Webhooks

Paisr uses webhooks to notify your application about events that happen within your profile—such as completed payments, invoice updates, incoming transfers and more. Webhooks enable real-time updates without needing to constantly poll the API.

You can subscribe to the events that matter to you and build automations or workflows that react instantly when they occur.

How they work

Whenever an event occurs—like a payment being completed or a customer being created—Paisr creates an event object and sends it as an HTTP POST request to the url(s) you’ve configured.

Each event payload includes:

  • The event type (e.g. invoice.paid, customer.created)
  • The ID of the resource
{
    "id": "inv_123456",
    "event": "invoice.paid",
}

You can easily create, and manage webhooks from the Developers section in your Dashboard, or programatically using the Webhooks API.

Authenticating Webhooks

To verify that a webhook was sent by Paisr, each request includes the following headers:

  • X-PCB-Signature
  • X-PCB-Timestamp

The X-PCB-Signature header is an HMAC-SHA256 signature generated using your Webhook Secret. This helps prevent spoofed or replayed requests from being accepted.

To validate:

  1. Retrieve the X-PCB-Signature and X-PCB-Timestamp from the request headers.
  2. Compute the HMAC using your webhook secret.
  3. Compare it to the signature in the header.
signature = HMAC_SHA256(secret, timestamp + '.' + body)

The most important step is to always sign and verify the exact raw JSON — any re-stringification can alter the payload and invalidate the signature.

Below are some examples:

const crypto = require("crypto");

function verifyWebhook(req, secret) {
  const signature = req.header("X-PCB-Signature");
  const timestamp = req.header("X-PCB-Timestamp");
  const rawBody = req.rawBody; // Ensure middleware captures raw body

  const payload = `${timestamp}.${rawBody}`;
  const hmac = crypto
    .createHmac("sha256", secret)
    .update(payload)
    .digest("hex");

  return crypto.timingSafeEqual(Buffer.from(hmac), Buffer.from(signature));
}
import (
	"crypto/hmac"
	"crypto/sha256"
	"encoding/hex"
	"net/http"
)

func verifyWebhook(r *http.Request, secret []byte, rawBody []byte) bool {
	signature := r.Header.Get("X-PCB-Signature")
	timestamp := r.Header.Get("X-PCB-Timestamp")

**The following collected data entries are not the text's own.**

(* Let $X$ and $Y$ be CW complexes and $k\ge 0$. Then the map $$\hat p_k:\hat G_k(X\times Y)=\bigcup_{i+j=k}G_iX\times G_jY\longrightarrow X\times Y,$$ given on $G_iX\times G_jY$ by $p_i^X\times p_j^Y$, is a Serre fibration.
   Context: For a path-connected space $X$, $p_0^X:G_0X\to X$ is the fibration obtained by converting the inclusion of a base point into a fibration (the path fibration). For fibrations $f_l:X_l\to B$, the fiberwise join $X_0*_B\cdots*_BX_n$ is the subspace of the join $X_0*\cdots*X_n$ consisting of formal combinations $t_0x_0+\cdots+t_nx_n$ ($t_l\ge0$, $\sum t_l=1$, terms with $t_l=0$ dropped) with all $f_l(x_l)$ equal, mapping to this common point. The $n$-th Ganea space $G_nX$ is the fiberwise join of $n+1$ copies of $G_0X$ over $X$, and $p_n^X:G_nX\to X$ is the $n$-th Ganea fibration; there are natural inclusions $G_0X\subset G_1X\subset\cdots$ with $p_n^X$ the restriction of $p_{n+1}^X$. Thus $\hat G_k(X\times Y)\subset G_kX\times G_kY$. A Serre fibration is a map with the homotopy lifting property for all CW complexes. *)

theory Defs
  imports "HOL-Analysis.Analysis"
begin

definition disk :: "nat \<Rightarrow> (nat \<Rightarrow> real) set" where
  "disk n = {v. (\<forall>i\<ge>n. v i = 0) \<and> (\<Sum>i<n. (v i)\<^sup>2) \<le> 1}"

definition open_disk :: "nat \<Rightarrow> (nat \<Rightarrow> real) set" where
  "open_disk n = {v. (\<forall>i\<ge>n. v i = 0) \<and> (\<Sum>i<n. (v i)\<^sup>2) < 1}"

definition sphere_bd :: "nat \<Rightarrow> (nat \<Rightarrow> real) set" where
  "sphere_bd n = {v. (\<forall>i\<ge>n. v i = 0) \<and> (\<Sum>i<n. (v i)\<^sup>2) = 1}"

definition disk_top :: "nat \<Rightarrow> (nat \<Rightarrow> real) topology" where
  "disk_top n = subtopology (powertop_real UNIV) (disk n)"

definition cw_complex :: "'a topology \<Rightarrow> bool" where
  "cw_complex X \<longleftrightarrow> Hausdorff_space X \<and>
    (\<exists>(C :: 'a set set) (dim :: 'a set \<Rightarrow> nat) (\<Phi> :: 'a set \<Rightarrow> (nat \<Rightarrow> real) \<Rightarrow> 'a).
       \<Union>C = topspace X \<and> {} \<notin> C \<and> pairwise disjnt C \<and>
       (\<forall>e\<in>C. continuous_map (disk_top (dim e)) X (\<Phi> e)
             \<and> \<Phi> e ` open_disk (dim e) = e
             \<and> homeomorphic_map (subtopology (disk_top (dim e)) (open_disk (dim e)))
                                 (subtopology X e) (\<Phi> e)
             \<and> (\<exists>F\<subseteq>C. finite F \<and> (\<forall>e'\<in>F. dim e' < dim e)
                       \<and> \<Phi> e ` sphere_bd (dim e) \<subseteq> \<Union>F)) \<and>
       (\<forall>A\<subseteq>topspace X.
          (\<forall>e\<in>C. closedin (subtopology X (X closure_of e)) (A \<inter> X closure_of e))
          \<longrightarrow> closedin X A))"

abbreviation unit_interval_top :: "real topology" where
  "unit_interval_top \<equiv> top_of_set {0..1}"

definition homotopy_lifting :: "'c topology \<Rightarrow> 'e topology \<Rightarrow> 'b topology \<Rightarrow> ('e \<Rightarrow> 'b) \<Rightarrow> bool" where
  "homotopy_lifting K E B p \<longleftrightarrow>
    (\<forall>f H. continuous_map K E f
       \<and> continuous_map (prod_topology K unit_interval_top) B H
       \<and> (\<forall>k\<in>topspace K. H (k, 0) = p (f k))
       \<longrightarrow> (\<exists>H'. continuous_map (prod_topology K unit_interval_top) E H'
              \<and> (\<forall>z\<in>topspace (prod_topology K unit_interval_top). p (H' z) = H z)
              \<and> (\<forall>k\<in>topspace K. H' (k, 0) = f k)))"

text \<open>The CW complexes are
 taken on the type given by the first argument; stating the result for a free type variable
 quantifies over all types.\<close>

definition serre_fibration :: "'c itself \<Rightarrow> 'e topology \<Rightarrow> 'b topology \<Rightarrow> ('e \<Rightarrow> 'b) \<Rightarrow> bool" where
  "serre_fibration (ty :: 'c itself) E B p \<longleftrightarrow>
     continuous_map E B p \<and>
     (\<forall>K :: 'c topology. cw_complex K \<longrightarrow> homotopy_lifting K E B p)"

definition path_pts :: "'a topology \<Rightarrow> 'a \<Rightarrow> (real \<Rightarrow> 'a) set" where
  "path_pts X x0 = {w. pathin X w \<and> w 0 = x0 \<and> (\<forall>t. t \<notin> {0..1} \<longrightarrow> w t = undefined)}"

definition path_space :: "'a topology \<Rightarrow> 'a \<Rightarrow> (real \<Rightarrow> 'a) topology" where
  "path_space X x0 = subtopology
     (topology_generated_by {{w. w ` K \<subseteq> U} | K U. compactin unit_interval_top K \<and> openin X U})
     (path_pts X x0)"

definition path_end :: "(real \<Rightarrow> 'a) \<Rightarrow> 'a" where
  "path_end w = w 1"

text \<open>A point t_0 x_0 + ... + t_n x_n is a pair (t, x) with t l = 0 for l > n,
 and x l = undefined whenever t l = 0 (the dropped terms).\<close>

definition fjoin_pts :: "'e topology \<Rightarrow> ('e \<Rightarrow> 'b) \<Rightarrow> nat \<Rightarrow> ((nat \<Rightarrow> real) \<times> (nat \<Rightarrow> 'e)) set" where
  "fjoin_pts E f n = {(t, x). (\<forall>l. 0 \<le> t l) \<and> (\<forall>l>n. t l = 0) \<and> (\<Sum>l\<le>n. t l) = 1
      \<and> (\<forall>l. t l = 0 \<longrightarrow> x l = undefined) \<and> (\<forall>l. t l \<noteq> 0 \<longrightarrow> x l \<in> topspace E)
      \<and> (\<forall>l l'. t l \<noteq> 0 \<and> t l' \<noteq> 0 \<longrightarrow> f (x l) = f (x l'))}"

definition fjoin :: "'e topology \<Rightarrow> ('e \<Rightarrow> 'b) \<Rightarrow> nat \<Rightarrow> ((nat \<Rightarrow> real) \<times> (nat \<Rightarrow> 'e)) topology" where
  "fjoin E f n = topology_generated_by
     ({{z \<in> fjoin_pts E f n. fst z l \<in> U} | l U. open U}
      \<union> {{z \<in> fjoin_pts E f n. fst z l \<noteq> 0 \<and> snd z l \<in> V} | l V. openin E V})"

definition fjoin_proj :: "('e \<Rightarrow> 'b) \<Rightarrow> (nat \<Rightarrow> real) \<times> (nat \<Rightarrow> 'e) \<Rightarrow> 'b" where
  "fjoin_proj f z = f (snd z (LEAST l. fst z l \<noteq> 0))"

	message := append([]byte(timestamp+"."), rawBody...)
	mac := hmac.New(sha256.New, secret)
	mac.Write(message)
	expectedMAC := mac.Sum(nil)

	signatureBytes, err := hex.DecodeString(signature)
	if err != nil {
		return false
	}

	return hmac.Equal(expectedMAC, signatureBytes)
}
use hmac::{Hmac, Mac};
use sha2::Sha256;
use hex;

type HmacSha256 = Hmac<Sha256>;

fn verify_webhook(raw_body: &str, timestamp: &str, signature: &str, secret: &str) -> bool {
    let payload = format!("{}.{}", timestamp, raw_body);
    let mut mac = HmacSha256::new_from_slice(secret.as_bytes()).unwrap();
    mac.update(payload.as_bytes());

    match hex::decode(signature) {
        Ok(signature_bytes) => mac.verify_slice(&signature_bytes).is_ok(),
        Err(_) => false,
    }
}
import hmac
import hashlib

def verify_webhook(raw_body: bytes, timestamp: str, signature: str, secret: str) -> bool:
    payload = f"{timestamp}.{raw_body.decode('utf-8')}".encode('utf-8')
    expected_signature = hmac.new(secret.encode(), payload, hashlib.sha256).hexdigest()
    return hmac.compare_digest(expected_signature, signature)
function verifyWebhook($rawBody, $timestamp, $signature, $secret) {
    $payload = $timestamp . '.' . $rawBody;
    $expected = hash_hmac('sha256', $payload, $secret);
    return hash_equals($expected, $signature);
}

Always store and HMAC the raw JSON string (rather than re-stringifying after parsing). Differences in whitespace, or key ordering will break the signature verification.

Other unique headers include:

  • User Agent: PCB Events
  • Powered By: PAISR Technologies NV

Retries & Reliability

If your server fails to respond with a 2XX status, Paisr automatically retries the event using an exponential backoff strategy for up to 10 retries. You can track delivery attempts, failures, and retry schedules in the Dashboard or via the Webhooks API.

Monitoring

You can monitor the performance of your webhooks via the Dashboard or using the Webhooks API. These metrics help you monitor the health of your integration and identify misconfigurations or downtime quickly.

Best Practices

  • Always verify the webhook signature.
  • Avoid blocking your main application thread.
  • Log webhook receipts and failures for traceability.
  • Frequently monitor the performance of your webhooks.